**About this exercise:** Output exactly the lines that run from the top of the entries to the line holding "E S \<longleftrightarrow>", including both of those lines.

(Stored items)
--*--

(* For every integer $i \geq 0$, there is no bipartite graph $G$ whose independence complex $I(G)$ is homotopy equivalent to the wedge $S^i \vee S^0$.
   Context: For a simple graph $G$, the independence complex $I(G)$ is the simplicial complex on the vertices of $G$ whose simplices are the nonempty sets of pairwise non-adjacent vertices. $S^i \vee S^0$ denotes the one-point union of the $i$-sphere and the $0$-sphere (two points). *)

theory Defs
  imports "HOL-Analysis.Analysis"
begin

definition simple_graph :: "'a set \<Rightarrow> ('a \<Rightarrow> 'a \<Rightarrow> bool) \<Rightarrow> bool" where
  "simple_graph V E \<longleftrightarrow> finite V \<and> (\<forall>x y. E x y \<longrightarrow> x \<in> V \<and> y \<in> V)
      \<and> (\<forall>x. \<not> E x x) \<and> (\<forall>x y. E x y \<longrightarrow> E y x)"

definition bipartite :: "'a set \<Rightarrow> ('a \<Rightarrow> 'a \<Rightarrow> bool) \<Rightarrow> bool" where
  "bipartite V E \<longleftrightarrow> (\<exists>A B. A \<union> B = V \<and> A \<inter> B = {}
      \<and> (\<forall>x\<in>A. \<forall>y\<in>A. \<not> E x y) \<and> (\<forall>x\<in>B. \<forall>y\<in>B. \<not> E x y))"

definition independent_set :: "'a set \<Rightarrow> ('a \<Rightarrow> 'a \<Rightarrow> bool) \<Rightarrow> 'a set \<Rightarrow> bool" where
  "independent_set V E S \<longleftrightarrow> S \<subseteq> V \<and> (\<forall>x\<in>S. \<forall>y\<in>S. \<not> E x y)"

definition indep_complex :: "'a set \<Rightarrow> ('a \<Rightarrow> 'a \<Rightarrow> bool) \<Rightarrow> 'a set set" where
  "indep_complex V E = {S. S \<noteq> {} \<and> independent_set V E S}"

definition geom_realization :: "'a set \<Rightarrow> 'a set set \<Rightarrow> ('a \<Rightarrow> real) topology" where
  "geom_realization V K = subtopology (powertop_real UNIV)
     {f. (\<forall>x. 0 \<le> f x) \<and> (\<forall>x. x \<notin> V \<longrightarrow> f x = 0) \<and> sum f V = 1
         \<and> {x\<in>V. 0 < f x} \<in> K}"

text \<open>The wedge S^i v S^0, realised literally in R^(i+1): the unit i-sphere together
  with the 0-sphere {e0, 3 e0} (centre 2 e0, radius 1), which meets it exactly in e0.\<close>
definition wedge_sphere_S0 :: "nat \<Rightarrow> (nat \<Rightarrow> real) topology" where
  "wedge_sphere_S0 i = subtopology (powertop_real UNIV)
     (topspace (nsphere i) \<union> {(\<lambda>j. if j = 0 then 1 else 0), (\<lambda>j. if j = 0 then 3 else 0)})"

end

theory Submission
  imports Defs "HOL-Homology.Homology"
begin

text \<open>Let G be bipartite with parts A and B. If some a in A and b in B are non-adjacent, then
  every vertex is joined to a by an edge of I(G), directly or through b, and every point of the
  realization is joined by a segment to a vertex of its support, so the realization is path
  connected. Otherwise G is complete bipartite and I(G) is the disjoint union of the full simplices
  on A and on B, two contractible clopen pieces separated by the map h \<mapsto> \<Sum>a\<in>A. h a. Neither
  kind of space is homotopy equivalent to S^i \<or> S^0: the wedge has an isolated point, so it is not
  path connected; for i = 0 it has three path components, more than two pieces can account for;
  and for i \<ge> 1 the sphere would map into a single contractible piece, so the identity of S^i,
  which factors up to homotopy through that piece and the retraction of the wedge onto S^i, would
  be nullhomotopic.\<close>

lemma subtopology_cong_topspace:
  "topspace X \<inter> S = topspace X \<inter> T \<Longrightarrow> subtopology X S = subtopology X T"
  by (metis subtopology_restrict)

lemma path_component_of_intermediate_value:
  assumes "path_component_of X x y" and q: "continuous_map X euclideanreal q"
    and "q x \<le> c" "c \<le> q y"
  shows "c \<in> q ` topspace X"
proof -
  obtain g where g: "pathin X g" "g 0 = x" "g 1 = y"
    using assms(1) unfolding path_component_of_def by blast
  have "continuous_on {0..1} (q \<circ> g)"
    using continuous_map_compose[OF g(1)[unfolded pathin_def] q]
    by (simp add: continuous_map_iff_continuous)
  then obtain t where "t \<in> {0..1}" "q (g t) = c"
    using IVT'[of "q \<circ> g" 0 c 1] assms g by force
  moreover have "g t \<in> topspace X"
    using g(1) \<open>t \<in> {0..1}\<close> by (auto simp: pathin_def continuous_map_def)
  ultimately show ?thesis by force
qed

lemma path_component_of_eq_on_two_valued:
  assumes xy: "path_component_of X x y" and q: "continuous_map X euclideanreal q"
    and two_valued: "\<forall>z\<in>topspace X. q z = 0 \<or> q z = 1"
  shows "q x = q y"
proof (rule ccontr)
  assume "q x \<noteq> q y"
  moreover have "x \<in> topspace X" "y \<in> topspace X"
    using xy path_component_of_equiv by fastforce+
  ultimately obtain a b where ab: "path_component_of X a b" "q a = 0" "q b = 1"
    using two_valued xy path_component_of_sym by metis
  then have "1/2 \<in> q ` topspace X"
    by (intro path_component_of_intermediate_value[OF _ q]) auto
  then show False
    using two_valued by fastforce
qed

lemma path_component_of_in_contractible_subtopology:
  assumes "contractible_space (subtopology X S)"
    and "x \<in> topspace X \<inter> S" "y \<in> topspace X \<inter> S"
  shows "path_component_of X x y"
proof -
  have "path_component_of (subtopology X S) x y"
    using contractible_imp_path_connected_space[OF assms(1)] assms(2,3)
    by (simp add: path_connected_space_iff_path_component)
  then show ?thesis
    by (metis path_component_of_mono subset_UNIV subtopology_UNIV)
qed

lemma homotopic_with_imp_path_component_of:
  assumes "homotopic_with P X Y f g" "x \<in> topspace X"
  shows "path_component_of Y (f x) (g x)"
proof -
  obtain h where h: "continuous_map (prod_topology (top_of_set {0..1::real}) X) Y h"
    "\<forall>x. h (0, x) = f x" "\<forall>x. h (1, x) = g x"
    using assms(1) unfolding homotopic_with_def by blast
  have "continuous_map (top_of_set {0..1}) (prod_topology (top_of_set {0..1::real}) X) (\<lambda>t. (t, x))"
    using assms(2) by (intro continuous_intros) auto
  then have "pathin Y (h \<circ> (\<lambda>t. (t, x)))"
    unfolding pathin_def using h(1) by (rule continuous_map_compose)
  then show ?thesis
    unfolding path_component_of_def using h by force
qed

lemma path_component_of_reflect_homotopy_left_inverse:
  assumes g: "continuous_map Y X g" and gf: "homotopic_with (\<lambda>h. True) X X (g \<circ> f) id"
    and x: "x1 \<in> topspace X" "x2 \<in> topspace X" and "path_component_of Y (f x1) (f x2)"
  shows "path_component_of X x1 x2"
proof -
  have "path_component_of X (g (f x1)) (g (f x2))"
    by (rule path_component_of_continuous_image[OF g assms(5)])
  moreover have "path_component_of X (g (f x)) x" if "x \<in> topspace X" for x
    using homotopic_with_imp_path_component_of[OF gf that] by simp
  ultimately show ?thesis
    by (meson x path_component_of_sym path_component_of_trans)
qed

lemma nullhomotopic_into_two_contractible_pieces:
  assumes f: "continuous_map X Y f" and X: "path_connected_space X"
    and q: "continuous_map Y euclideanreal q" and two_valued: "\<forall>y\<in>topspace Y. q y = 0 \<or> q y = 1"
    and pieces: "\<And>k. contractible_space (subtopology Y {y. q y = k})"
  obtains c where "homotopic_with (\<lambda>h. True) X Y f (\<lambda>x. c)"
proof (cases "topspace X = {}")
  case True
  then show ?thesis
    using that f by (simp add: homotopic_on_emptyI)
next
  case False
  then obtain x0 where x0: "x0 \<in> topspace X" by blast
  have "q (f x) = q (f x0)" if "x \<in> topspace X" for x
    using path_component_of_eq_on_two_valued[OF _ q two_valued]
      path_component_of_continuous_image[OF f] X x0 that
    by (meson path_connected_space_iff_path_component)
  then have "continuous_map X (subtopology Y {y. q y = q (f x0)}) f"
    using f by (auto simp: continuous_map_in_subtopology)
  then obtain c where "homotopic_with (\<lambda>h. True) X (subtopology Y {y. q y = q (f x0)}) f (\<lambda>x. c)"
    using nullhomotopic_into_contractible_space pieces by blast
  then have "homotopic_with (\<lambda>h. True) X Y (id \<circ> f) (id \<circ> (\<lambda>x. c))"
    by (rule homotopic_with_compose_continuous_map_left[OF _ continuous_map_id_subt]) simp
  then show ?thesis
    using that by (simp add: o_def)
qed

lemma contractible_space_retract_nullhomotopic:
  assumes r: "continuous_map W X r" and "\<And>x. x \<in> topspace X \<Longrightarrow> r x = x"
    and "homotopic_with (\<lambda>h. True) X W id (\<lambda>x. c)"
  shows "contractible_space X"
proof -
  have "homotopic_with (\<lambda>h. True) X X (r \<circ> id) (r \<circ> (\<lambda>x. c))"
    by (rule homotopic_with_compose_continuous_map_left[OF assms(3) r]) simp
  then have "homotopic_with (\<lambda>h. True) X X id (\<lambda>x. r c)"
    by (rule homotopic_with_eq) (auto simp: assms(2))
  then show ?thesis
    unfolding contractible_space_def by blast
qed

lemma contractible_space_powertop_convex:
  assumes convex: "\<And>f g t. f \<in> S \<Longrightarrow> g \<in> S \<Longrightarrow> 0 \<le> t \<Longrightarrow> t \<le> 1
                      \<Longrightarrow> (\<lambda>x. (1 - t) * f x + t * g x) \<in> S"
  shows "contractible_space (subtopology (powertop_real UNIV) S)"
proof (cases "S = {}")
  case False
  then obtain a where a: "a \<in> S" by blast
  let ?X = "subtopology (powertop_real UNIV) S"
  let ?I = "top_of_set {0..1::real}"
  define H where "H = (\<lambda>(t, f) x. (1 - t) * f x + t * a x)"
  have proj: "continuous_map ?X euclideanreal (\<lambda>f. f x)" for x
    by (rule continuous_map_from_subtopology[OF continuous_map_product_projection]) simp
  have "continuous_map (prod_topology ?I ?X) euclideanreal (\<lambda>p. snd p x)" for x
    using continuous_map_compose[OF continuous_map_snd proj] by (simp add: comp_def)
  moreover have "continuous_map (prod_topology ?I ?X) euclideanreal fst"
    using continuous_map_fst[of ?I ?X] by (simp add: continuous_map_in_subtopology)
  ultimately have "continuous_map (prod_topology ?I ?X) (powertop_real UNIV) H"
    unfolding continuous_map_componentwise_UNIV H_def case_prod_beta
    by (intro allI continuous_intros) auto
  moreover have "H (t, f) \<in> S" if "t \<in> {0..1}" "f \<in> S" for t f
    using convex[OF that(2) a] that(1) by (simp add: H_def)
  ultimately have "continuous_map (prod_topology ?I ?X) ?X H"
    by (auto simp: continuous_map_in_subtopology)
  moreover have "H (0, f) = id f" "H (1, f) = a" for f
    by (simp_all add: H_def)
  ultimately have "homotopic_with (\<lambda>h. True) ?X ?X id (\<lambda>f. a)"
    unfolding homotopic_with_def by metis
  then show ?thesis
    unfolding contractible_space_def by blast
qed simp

--*--

**Solution for this problem:**
(* For every integer $i \geq 0$, there is no bipartite graph $G$ whose independence complex $I(G)$ is homotopy equivalent to the wedge $S^i \vee S^0$.
   Context: For a simple graph $G$, the independence complex $I(G)$ is the simplicial complex on the vertices of $G$ whose simplices are the nonempty sets of pairwise non-adjacent vertices. $S^i \vee S^0$ denotes the one-point union of the $i$-sphere and the $0$-sphere (two points). *)

theory Defs
  imports "HOL-Analysis.Analysis"
begin

definition simple_graph :: "'a set \<Rightarrow> ('a \<Rightarrow> 'a \<Rightarrow> bool) \<Rightarrow> bool" where
  "simple_graph V E \<longleftrightarrow> finite V \<and> (\<forall>x y. E x y \<longrightarrow> x \<in> V \<and> y \<in> V)
      \<and> (\<forall>x. \<not> E x x) \<and> (\<forall>x y. E x y \<longrightarrow> E y x)"

definition bipartite :: "'a set \<Rightarrow> ('a \<Rightarrow> 'a \<Rightarrow> bool) \<Rightarrow> bool" where
  "bipartite V E \<longleftrightarrow> (\<exists>A B. A \<union> B = V \<and> A \<inter> B = {}
      \<and> (\<forall>x\<in>A. \<forall>y\<in>A. \<not> E x y) \<and> (\<forall>x\<in>B. \<forall>y\<in>B. \<not> E x y))"

definition independent_set :: "'a set \<Rightarrow> ('a \<Rightarrow> 'a \<Rightarrow> bool) \<Rightarrow> 'a set \<Rightarrow> bool" where
  "independent_set V E S \<longleftrightarrow> S \<subseteq> V \<and> (\<forall>x\<in>S. \<forall>y\<in>S. \<not> E x y)"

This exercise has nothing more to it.